## Records for the exercise:
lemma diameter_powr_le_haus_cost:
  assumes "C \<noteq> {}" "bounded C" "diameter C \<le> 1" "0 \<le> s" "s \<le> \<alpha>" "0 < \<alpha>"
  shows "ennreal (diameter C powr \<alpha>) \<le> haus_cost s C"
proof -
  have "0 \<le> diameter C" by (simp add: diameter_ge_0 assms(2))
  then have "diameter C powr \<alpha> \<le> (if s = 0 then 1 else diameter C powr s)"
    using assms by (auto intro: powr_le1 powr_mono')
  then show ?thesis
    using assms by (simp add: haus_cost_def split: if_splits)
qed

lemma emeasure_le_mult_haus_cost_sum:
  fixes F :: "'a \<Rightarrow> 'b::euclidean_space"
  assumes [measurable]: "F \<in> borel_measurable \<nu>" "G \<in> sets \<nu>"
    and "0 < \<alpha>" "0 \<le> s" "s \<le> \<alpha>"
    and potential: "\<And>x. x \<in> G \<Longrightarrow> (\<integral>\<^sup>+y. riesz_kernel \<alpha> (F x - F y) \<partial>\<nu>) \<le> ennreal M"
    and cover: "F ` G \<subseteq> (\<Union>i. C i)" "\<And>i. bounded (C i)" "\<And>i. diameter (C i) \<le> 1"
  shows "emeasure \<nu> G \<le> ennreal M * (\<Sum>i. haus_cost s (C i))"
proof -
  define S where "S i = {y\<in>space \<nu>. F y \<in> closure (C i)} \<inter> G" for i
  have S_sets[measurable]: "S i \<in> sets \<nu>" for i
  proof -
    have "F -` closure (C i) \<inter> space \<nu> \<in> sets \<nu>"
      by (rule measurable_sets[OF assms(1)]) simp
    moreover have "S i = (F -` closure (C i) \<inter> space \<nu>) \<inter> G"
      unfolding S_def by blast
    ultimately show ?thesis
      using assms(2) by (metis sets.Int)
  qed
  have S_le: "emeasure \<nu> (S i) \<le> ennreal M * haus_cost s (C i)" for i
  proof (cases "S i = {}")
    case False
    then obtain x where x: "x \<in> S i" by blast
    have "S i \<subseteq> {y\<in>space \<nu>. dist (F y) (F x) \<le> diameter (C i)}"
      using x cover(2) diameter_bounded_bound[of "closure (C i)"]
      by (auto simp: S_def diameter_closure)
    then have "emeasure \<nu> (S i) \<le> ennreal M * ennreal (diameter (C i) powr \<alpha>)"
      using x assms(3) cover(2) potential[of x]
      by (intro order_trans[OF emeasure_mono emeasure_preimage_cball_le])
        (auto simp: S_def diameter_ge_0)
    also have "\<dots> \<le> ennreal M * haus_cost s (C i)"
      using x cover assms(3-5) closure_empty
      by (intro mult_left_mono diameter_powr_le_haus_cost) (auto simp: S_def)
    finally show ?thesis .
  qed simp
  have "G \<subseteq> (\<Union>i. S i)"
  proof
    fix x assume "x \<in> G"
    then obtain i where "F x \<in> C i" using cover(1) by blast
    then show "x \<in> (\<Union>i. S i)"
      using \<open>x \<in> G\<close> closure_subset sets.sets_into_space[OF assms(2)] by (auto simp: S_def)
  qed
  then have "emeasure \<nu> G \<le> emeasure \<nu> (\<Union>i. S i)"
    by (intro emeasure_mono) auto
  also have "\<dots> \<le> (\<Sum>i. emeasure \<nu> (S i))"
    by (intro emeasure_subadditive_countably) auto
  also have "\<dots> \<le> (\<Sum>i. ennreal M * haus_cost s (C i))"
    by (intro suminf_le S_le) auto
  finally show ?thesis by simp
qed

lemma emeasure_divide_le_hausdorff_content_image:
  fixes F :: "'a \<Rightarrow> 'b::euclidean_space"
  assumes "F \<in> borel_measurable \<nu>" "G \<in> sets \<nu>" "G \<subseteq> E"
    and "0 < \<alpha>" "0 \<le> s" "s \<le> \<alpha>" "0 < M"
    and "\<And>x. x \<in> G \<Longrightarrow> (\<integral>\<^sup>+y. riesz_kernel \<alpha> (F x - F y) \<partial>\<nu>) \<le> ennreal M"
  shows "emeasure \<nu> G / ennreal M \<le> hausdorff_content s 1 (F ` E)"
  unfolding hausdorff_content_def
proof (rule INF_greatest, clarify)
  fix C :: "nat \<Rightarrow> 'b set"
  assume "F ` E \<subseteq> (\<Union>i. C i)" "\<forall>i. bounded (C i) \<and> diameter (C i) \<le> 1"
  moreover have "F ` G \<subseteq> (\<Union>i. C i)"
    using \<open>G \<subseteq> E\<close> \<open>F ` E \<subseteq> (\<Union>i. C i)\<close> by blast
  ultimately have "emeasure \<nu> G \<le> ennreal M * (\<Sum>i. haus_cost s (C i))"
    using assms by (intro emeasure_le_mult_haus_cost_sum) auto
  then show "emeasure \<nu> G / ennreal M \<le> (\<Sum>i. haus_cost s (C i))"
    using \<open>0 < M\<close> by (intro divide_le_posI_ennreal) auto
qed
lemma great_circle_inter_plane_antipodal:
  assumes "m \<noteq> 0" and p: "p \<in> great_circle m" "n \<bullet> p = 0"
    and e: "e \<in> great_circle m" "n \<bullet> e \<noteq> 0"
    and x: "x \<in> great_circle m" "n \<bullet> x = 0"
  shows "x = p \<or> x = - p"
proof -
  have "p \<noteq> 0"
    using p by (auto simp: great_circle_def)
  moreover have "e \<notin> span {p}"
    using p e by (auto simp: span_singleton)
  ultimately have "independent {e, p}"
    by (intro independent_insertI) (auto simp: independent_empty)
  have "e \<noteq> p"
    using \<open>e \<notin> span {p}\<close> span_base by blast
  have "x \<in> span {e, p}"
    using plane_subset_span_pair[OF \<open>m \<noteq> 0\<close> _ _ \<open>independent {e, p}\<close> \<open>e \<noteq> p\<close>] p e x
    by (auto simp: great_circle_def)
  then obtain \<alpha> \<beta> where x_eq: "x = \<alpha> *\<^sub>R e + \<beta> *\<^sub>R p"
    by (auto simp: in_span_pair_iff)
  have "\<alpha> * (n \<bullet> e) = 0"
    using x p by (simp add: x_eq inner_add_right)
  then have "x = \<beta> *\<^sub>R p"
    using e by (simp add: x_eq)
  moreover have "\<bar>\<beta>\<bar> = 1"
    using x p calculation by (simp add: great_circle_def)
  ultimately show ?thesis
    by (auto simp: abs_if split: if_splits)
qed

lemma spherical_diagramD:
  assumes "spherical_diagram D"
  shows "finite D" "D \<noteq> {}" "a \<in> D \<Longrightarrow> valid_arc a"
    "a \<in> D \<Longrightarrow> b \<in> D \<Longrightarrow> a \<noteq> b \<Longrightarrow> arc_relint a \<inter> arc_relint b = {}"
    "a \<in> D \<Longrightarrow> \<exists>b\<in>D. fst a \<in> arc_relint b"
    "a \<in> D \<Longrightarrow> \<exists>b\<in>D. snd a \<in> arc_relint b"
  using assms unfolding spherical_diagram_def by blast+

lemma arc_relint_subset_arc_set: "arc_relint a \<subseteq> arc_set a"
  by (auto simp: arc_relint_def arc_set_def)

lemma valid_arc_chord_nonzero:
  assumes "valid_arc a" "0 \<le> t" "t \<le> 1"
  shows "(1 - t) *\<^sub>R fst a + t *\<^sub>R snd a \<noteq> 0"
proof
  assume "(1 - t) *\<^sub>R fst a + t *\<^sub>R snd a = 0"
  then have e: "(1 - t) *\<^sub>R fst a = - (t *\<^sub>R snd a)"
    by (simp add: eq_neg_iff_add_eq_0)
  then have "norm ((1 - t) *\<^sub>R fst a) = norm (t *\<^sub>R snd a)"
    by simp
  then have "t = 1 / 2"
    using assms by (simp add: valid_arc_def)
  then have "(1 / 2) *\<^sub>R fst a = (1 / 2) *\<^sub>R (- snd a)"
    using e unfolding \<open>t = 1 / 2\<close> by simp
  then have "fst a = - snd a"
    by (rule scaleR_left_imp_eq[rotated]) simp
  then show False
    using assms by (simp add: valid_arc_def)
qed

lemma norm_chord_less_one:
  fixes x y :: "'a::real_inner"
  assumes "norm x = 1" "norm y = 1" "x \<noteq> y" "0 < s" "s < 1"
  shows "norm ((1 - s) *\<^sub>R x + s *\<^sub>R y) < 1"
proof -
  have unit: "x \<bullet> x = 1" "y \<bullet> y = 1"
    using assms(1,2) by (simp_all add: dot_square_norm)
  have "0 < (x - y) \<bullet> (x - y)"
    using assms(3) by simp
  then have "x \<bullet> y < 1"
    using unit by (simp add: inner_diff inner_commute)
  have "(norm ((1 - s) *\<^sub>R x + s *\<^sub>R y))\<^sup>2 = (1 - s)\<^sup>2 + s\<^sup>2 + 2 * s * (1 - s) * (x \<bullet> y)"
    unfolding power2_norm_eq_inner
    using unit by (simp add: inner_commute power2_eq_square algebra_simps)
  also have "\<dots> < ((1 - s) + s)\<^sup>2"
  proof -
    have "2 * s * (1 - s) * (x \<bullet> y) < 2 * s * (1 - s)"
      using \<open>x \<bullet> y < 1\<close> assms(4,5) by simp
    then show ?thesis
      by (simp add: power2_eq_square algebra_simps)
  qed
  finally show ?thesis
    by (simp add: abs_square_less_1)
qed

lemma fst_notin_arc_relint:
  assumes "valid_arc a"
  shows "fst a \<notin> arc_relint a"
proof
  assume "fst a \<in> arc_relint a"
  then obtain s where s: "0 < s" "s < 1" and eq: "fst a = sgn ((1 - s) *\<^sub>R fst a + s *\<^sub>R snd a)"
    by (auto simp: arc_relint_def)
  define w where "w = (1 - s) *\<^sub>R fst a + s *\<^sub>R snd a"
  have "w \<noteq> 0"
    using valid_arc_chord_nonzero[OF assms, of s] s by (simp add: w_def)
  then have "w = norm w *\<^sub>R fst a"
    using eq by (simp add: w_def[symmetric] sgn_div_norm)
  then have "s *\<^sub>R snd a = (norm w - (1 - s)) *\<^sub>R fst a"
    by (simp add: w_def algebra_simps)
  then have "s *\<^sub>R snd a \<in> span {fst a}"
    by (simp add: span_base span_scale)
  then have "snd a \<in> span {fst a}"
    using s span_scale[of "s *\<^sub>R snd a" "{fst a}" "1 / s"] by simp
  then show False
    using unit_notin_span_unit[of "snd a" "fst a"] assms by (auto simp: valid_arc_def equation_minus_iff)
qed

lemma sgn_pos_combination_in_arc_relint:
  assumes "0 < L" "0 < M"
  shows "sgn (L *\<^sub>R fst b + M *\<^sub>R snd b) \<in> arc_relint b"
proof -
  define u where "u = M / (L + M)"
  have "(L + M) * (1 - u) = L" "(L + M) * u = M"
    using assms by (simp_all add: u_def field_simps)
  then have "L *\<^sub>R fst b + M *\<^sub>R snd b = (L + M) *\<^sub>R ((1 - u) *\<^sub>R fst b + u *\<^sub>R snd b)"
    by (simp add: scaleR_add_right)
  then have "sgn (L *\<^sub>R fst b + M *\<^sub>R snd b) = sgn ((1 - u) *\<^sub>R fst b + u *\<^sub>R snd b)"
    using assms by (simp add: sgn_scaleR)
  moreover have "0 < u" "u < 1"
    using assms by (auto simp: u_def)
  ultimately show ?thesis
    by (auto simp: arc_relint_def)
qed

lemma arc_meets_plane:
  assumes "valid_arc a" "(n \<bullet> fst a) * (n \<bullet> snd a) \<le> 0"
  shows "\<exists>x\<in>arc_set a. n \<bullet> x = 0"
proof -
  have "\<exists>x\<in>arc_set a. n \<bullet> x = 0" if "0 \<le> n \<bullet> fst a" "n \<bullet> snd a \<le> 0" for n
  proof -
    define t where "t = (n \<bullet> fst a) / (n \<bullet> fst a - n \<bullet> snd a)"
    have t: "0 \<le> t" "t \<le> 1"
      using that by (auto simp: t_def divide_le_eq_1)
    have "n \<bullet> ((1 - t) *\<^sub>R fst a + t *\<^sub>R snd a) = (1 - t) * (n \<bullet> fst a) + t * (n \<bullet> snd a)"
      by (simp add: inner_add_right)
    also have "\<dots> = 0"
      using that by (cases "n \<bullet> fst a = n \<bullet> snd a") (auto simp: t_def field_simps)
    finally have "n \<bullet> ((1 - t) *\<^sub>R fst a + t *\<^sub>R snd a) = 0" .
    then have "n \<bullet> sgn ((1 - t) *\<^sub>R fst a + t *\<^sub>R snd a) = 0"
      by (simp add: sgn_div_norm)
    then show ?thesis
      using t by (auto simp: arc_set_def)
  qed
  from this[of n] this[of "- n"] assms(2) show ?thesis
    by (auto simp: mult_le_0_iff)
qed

## What you should do:
Scan the entries above for the word "Union", then copy every line in which it occurs.

## Solved exercise:
    and cover: "F ` G \<subseteq> (\<Union>i. C i)" "\<And>i. bounded (C i)" "\<And>i. diameter (C i) \<le> 1"
  have "G \<subseteq> (\<Union>i. S i)"
    then show "x \<in> (\<Union>i. S i)"
  then have "emeasure \<nu> G \<le> emeasure \<nu> (\<Union>i. S i)"
  assume "F ` E \<subseteq> (\<Union>i. C i)" "\<forall>i. bounded (C i) \<and> diameter (C i) \<le> 1"
  moreover have "F ` G \<subseteq> (\<Union>i. C i)"
    using \<open>G \<subseteq> E\<close> \<open>F ` E \<subseteq> (\<Union>i. C i)\<close> by blast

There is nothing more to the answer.